:: REQUIREMENT ::
Report each line of the data that has "obtain" somewhere in it.

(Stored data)
########################################

text \<open>A complement of the kernel inside \<open>U\<close> is spanned by lifts of a spanning set of the image;
  the lifts are corrected into \<open>U\<close> inside the subspace \<open>L\<close>.\<close>

lemma qdim_kernel_le:
  assumes m1: "module s1" and m2: "module s2" and S: "module.subspace s1 S"
    and f: "linear_on s1 s2 S f" and L: "module.subspace s1 L" and LS: "L \<subseteq> S" and UL: "U \<subseteq> L"
  shows "qdim s1 U {x \<in> L. f x = 0} \<le> qdim s2 (f ` U) {0}"
proof (cases "qdim s2 (f ` U) {0} = \<infinity>")
  case False
  let ?K = "{x \<in> L. f x = 0}"
  obtain B where B: "finite B" "B \<subseteq> f ` U" "f ` U \<subseteq> module.span s2 (B \<union> {0})"
      and dim: "qdim s2 (f ` U) {0} = enat (card B)"
    using False by (rule qdim_attained)
  obtain lift where lift: "\<And>v. v \<in> B \<Longrightarrow> lift v \<in> U \<and> f (lift v) = v"
    using B(2) by (metis f_inv_into_f inv_into_into subsetD)
  let ?B = "lift ` B"
  have spanL: "module.span s1 ?B \<subseteq> L"
    using lift UL by (intro module.span_minimal[OF m1 _ L]) auto
  have "f ` U \<subseteq> module.span s2 (f ` ?B)"
  proof -
    have "module.span s2 (B \<union> {0}) = module.span s2 B"
      using module.span_superset[OF m2] module.span_zero[OF m2, of B]
      by (subst module.span_eq[OF m2]) blast
    moreover have "f ` ?B = B"
      using lift by force
    ultimately show ?thesis
      using B(3) by simp
  qed
  also have "\<dots> = f ` module.span s1 ?B"
    using lift UL LS by (intro linear_on_image_span[OF m1 S f m2, symmetric]) auto
  finally have lifted: "f ` U \<subseteq> f ` module.span s1 ?B" .
  have "U \<subseteq> module.span s1 (?B \<union> ?K)"
  proof
    fix x assume x: "x \<in> U"
    then obtain x' where x': "x' \<in> module.span s1 ?B" "f x' = f x"
      using lifted by (metis imageE image_eqI subsetD)
    have "x \<in> L" "x' \<in> L"
      using x x'(1) UL spanL by auto
    then have "x - x' \<in> ?K"
      using x'(2) LS linear_on_diff[OF m1 S f, of x x'] module.subspace_diff[OF m1 L] by auto
    then have "x' + (x - x') \<in> module.span s1 (?B \<union> ?K)"
      using x'(1) by (intro module.span_add[OF m1])
        (auto intro: module.span_base[OF m1] elim: subsetD[OF module.span_mono[OF m1], rotated])
    then show "x \<in> module.span s1 (?B \<union> ?K)"
      by simp
  qed
  then have "qdim s1 U ?K \<le> enat (card ?B)"
    using B(1) lift by (intro qdim_le_card) auto
  also have "\<dots> \<le> qdim s2 (f ` U) {0}"
    using card_image_le[OF B(1), of lift] dim by simp
  finally show ?thesis .
qed simp

lemma lie_comm_mono:
  "module s \<Longrightarrow> M \<subseteq> M' \<Longrightarrow> N \<subseteq> N' \<Longrightarrow> lie_comm s br M N \<subseteq> lie_comm s br M' N'"
  unfolding lie_comm_def by (rule module.span_mono) blast+

lemma subspace_lie_comm: "module s \<Longrightarrow> module.subspace s (lie_comm s br M N)"
  unfolding lie_comm_def by (rule module.subspace_span)

lemma linear_on_image_lie_comm:
  assumes m1: "module s1" and m2: "module s2" and S: "module.subspace s1 S"
    and f: "linear_on s1 s2 S f"
    and closed: "\<And>m n. m \<in> S \<Longrightarrow> n \<in> S \<Longrightarrow> br1 m n \<in> S"
    and hom: "\<And>m n. m \<in> S \<Longrightarrow> n \<in> S \<Longrightarrow> f (br1 m n) = br2 (f m) (f n)"
    and MS: "M \<subseteq> S" and NS: "N \<subseteq> S"
  shows "f ` lie_comm s1 br1 M N = lie_comm s2 br2 (f ` M) (f ` N)"
proof -
  let ?G = "{br1 m n + br1 n m | m n. m \<in> M \<and> n \<in> N}"
  have sym_in: "br1 m n + br1 n m \<in> S" if "m \<in> S" "n \<in> S" for m n
    using that closed module.subspace_add[OF m1 S] by blast
  have image_sym: "f (br1 m n + br1 n m) = br2 (f m) (f n) + br2 (f n) (f m)"
    if "m \<in> M" "n \<in> N" for m n
  proof -
    have "m \<in> S" "n \<in> S"
      using that MS NS by auto
    then show ?thesis
      using closed by (simp add: linear_on_add[OF m1 S f] hom)
  qed
  have "f ` ?G = {br2 m n + br2 n m | m n. m \<in> f ` M \<and> n \<in> f ` N}"
  proof (intro equalityI subsetI)
    fix z assume "z \<in> f ` ?G"
    then obtain m n where "m \<in> M" "n \<in> N" "z = f (br1 m n + br1 n m)"
      by blast
    then show "z \<in> {br2 m n + br2 n m | m n. m \<in> f ` M \<and> n \<in> f ` N}"
      by (auto simp: image_sym)
  next
    fix z assume "z \<in> {br2 m n + br2 n m | m n. m \<in> f ` M \<and> n \<in> f ` N}"
    then obtain m n where "m \<in> M" "n \<in> N" "z = br2 (f m) (f n) + br2 (f n) (f m)"
      by blast
    then show "z \<in> f ` ?G"
      by (auto simp flip: image_sym)
  qed
  moreover have "?G \<subseteq> S"
    using MS NS sym_in by blast
  ultimately show ?thesis
    unfolding lie_comm_def by (simp add: linear_on_image_span[OF m1 S f m2])
qed

lemma sum_fun_apply: "(sum f A) x = (\<Sum>a\<in>A. f a x)"
  by (induct A rule: infinite_finite_induct) auto

lemma module_fscale: "module (fscale :: 'k::field \<Rightarrow> ('x list \<Rightarrow> 'k) \<Rightarrow> _)"
  by unfold_locales (auto simp: fscale_def fun_eq_iff algebra_simps)

lemma subspace_free_carrier: "module.subspace fscale (free_carrier :: ('x list \<Rightarrow> 'k::field) set)"
proof -
  have "{w. (c + d) w \<noteq> 0} \<subseteq> {w. c w \<noteq> 0} \<union> {w. d w \<noteq> 0}" for c d :: "'x list \<Rightarrow> 'k"
    by auto
  moreover have "{w. fscale a c w \<noteq> 0} \<subseteq> {w. c w \<noteq> 0}" for a and c :: "'x list \<Rightarrow> 'k"
    by (auto simp: fscale_def)
  ultimately show ?thesis
    unfolding module.subspace_def[OF module_fscale] free_carrier_def
    by (auto intro: finite_subset simp: fscale_def)
qed

lemma free_carrier_finite_support: "c \<in> free_carrier \<Longrightarrow> finite {w. c w \<noteq> 0}"
  by (simp add: free_carrier_def)

lemma free_carrier_support_nonempty_words: "c \<in> free_carrier \<Longrightarrow> c w \<noteq> 0 \<Longrightarrow> w \<noteq> []"
  by (auto simp: free_carrier_def)

definition word_vec :: "'x list \<Rightarrow> 'x list \<Rightarrow> 'k::field" where
  "word_vec v = (\<lambda>z. if z = v then 1 else 0)"

definition lin_comb ::
  "('k::field \<Rightarrow> 'v::ab_group_add \<Rightarrow> 'v) \<Rightarrow> ('x list \<Rightarrow> 'v) \<Rightarrow> ('x list \<Rightarrow> 'k) \<Rightarrow> 'v" where
  "lin_comb s K c = (\<Sum>w\<in>{w. c w \<noteq> 0}. s (c w) (K w))"

lemma word_vec_in_free_carrier: "v \<noteq> [] \<Longrightarrow> word_vec v \<in> free_carrier"
  by (auto simp: free_carrier_def word_vec_def)

lemma lin_comb_cong: "(\<And>w. c w \<noteq> 0 \<Longrightarrow> K w = K' w) \<Longrightarrow> lin_comb s K c = lin_comb s K' c"
  unfolding lin_comb_def by (rule sum.cong) auto

lemma lin_comb_eq_sum_superset:
  assumes m: "module s" and "finite A" and "{w. c w \<noteq> 0} \<subseteq> A"
  shows "lin_comb s K c = (\<Sum>w\<in>A. s (c w) (K w))"
  unfolding lin_comb_def
  using assms by (intro sum.mono_neutral_left) (auto simp: module.scale_zero_left[OF m])

lemma lin_comb_add:
  assumes m: "module s" and c: "c \<in> free_carrier" and d: "d \<in> free_carrier"
  shows "lin_comb s K (c + d) = lin_comb s K c + lin_comb s K d"
proof -
  let ?A = "{w. c w \<noteq> 0} \<union> {w. d w \<noteq> 0}"
  have A: "finite ?A"
    using c d by (simp add: free_carrier_finite_support)
  have "lin_comb s K (c + d) = (\<Sum>w\<in>?A. s ((c + d) w) (K w))"
    by (rule lin_comb_eq_sum_superset[OF m A]) auto
  also have "\<dots> = (\<Sum>w\<in>?A. s (c w) (K w)) + (\<Sum>w\<in>?A. s (d w) (K w))"
    by (simp add: module.scale_left_distrib[OF m] sum.distrib)
  also have "\<dots> = lin_comb s K c + lin_comb s K d"
    by (simp add: lin_comb_eq_sum_superset[OF m A])
  finally show ?thesis .
qed

lemma lin_comb_scale:
  assumes m: "module s" and c: "c \<in> free_carrier"
  shows "lin_comb s K (fscale a c) = s a (lin_comb s K c)"
proof -
  have "lin_comb s K (fscale a c) = (\<Sum>w\<in>{w. c w \<noteq> 0}. s (fscale a c w) (K w))"
    using c by (intro lin_comb_eq_sum_superset[OF m]) (auto simp: free_carrier_def fscale_def)
  then show ?thesis
    by (simp add: lin_comb_def fscale_def module.scale_sum_right[OF m] module.scale_scale[OF m])
qed

lemma linear_on_lin_comb: "module s \<Longrightarrow> linear_on fscale s free_carrier (lin_comb s K)"
  unfolding linear_on_def using lin_comb_add lin_comb_scale by blast

lemma lin_comb_word_vec: "module s \<Longrightarrow> lin_comb s K (word_vec v) = K v"
proof -
  assume m: "module s"
  have "{w. word_vec v w \<noteq> (0::'k::field)} = {v}"
    by (auto simp: word_vec_def)
  then show ?thesis
    by (simp add: lin_comb_def word_vec_def module.scale_one[OF m])
qed

lemma lin_comb_word_vec_self: "c \<in> free_carrier \<Longrightarrow> lin_comb fscale word_vec c = c"
proof
  fix z assume c: "c \<in> free_carrier"
  have "lin_comb fscale word_vec c z = (\<Sum>w\<in>{w. c w \<noteq> 0}. if w = z then c w else 0)"
    unfolding lin_comb_def sum_fun_apply by (intro sum.cong) (auto simp: fscale_def word_vec_def)
  also have "\<dots> = c z"
    by (simp add: sum.delta' free_carrier_finite_support[OF c])
  finally show "lin_comb fscale word_vec c z = c z" .
qed

lemma lin_comb_in_subspace:
  assumes m: "module s" and S: "module.subspace s S" and K: "\<And>w. c w \<noteq> 0 \<Longrightarrow> K w \<in> S"
  shows "lin_comb s K c \<in> S"
  unfolding lin_comb_def
  by (rule module.subspace_sum[OF m S]) (auto intro: module.subspace_scale[OF m S] K)

lemma linear_on_apply_lin_comb:
  assumes m: "module s1" and S: "module.subspace s1 S" and f: "linear_on s1 s2 S f"
    and K: "\<And>w. c w \<noteq> 0 \<Longrightarrow> K w \<in> S"
  shows "f (lin_comb s1 K c) = lin_comb s2 (\<lambda>w. f (K w)) c"
  unfolding lin_comb_def using K by (intro linear_on_sum[OF m S f]) auto

lemma lin_comb_in_free_carrier:
  "(\<And>w. c w \<noteq> 0 \<Longrightarrow> K w \<in> free_carrier) \<Longrightarrow> lin_comb fscale K c \<in> free_carrier"
  by (rule lin_comb_in_subspace[OF module_fscale subspace_free_carrier])

lemmas linear_on_apply_lin_comb_free = linear_on_apply_lin_comb[OF module_fscale subspace_free_carrier]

########################################

:: SOLUTION FOR THIS EXERCISE ::
  obtain B where B: "finite B" "B \<subseteq> f ` U" "f ` U \<subseteq> module.span s2 (B \<union> {0})"
  obtain lift where lift: "\<And>v. v \<in> B \<Longrightarrow> lift v \<in> U \<and> f (lift v) = v"
    then obtain x' where x': "x' \<in> module.span s1 ?B" "f x' = f x"
    then obtain m n where "m \<in> M" "n \<in> N" "z = f (br1 m n + br1 n m)"
    then obtain m n where "m \<in> M" "n \<in> N" "z = br2 (f m) (f n) + br2 (f n) (f m)"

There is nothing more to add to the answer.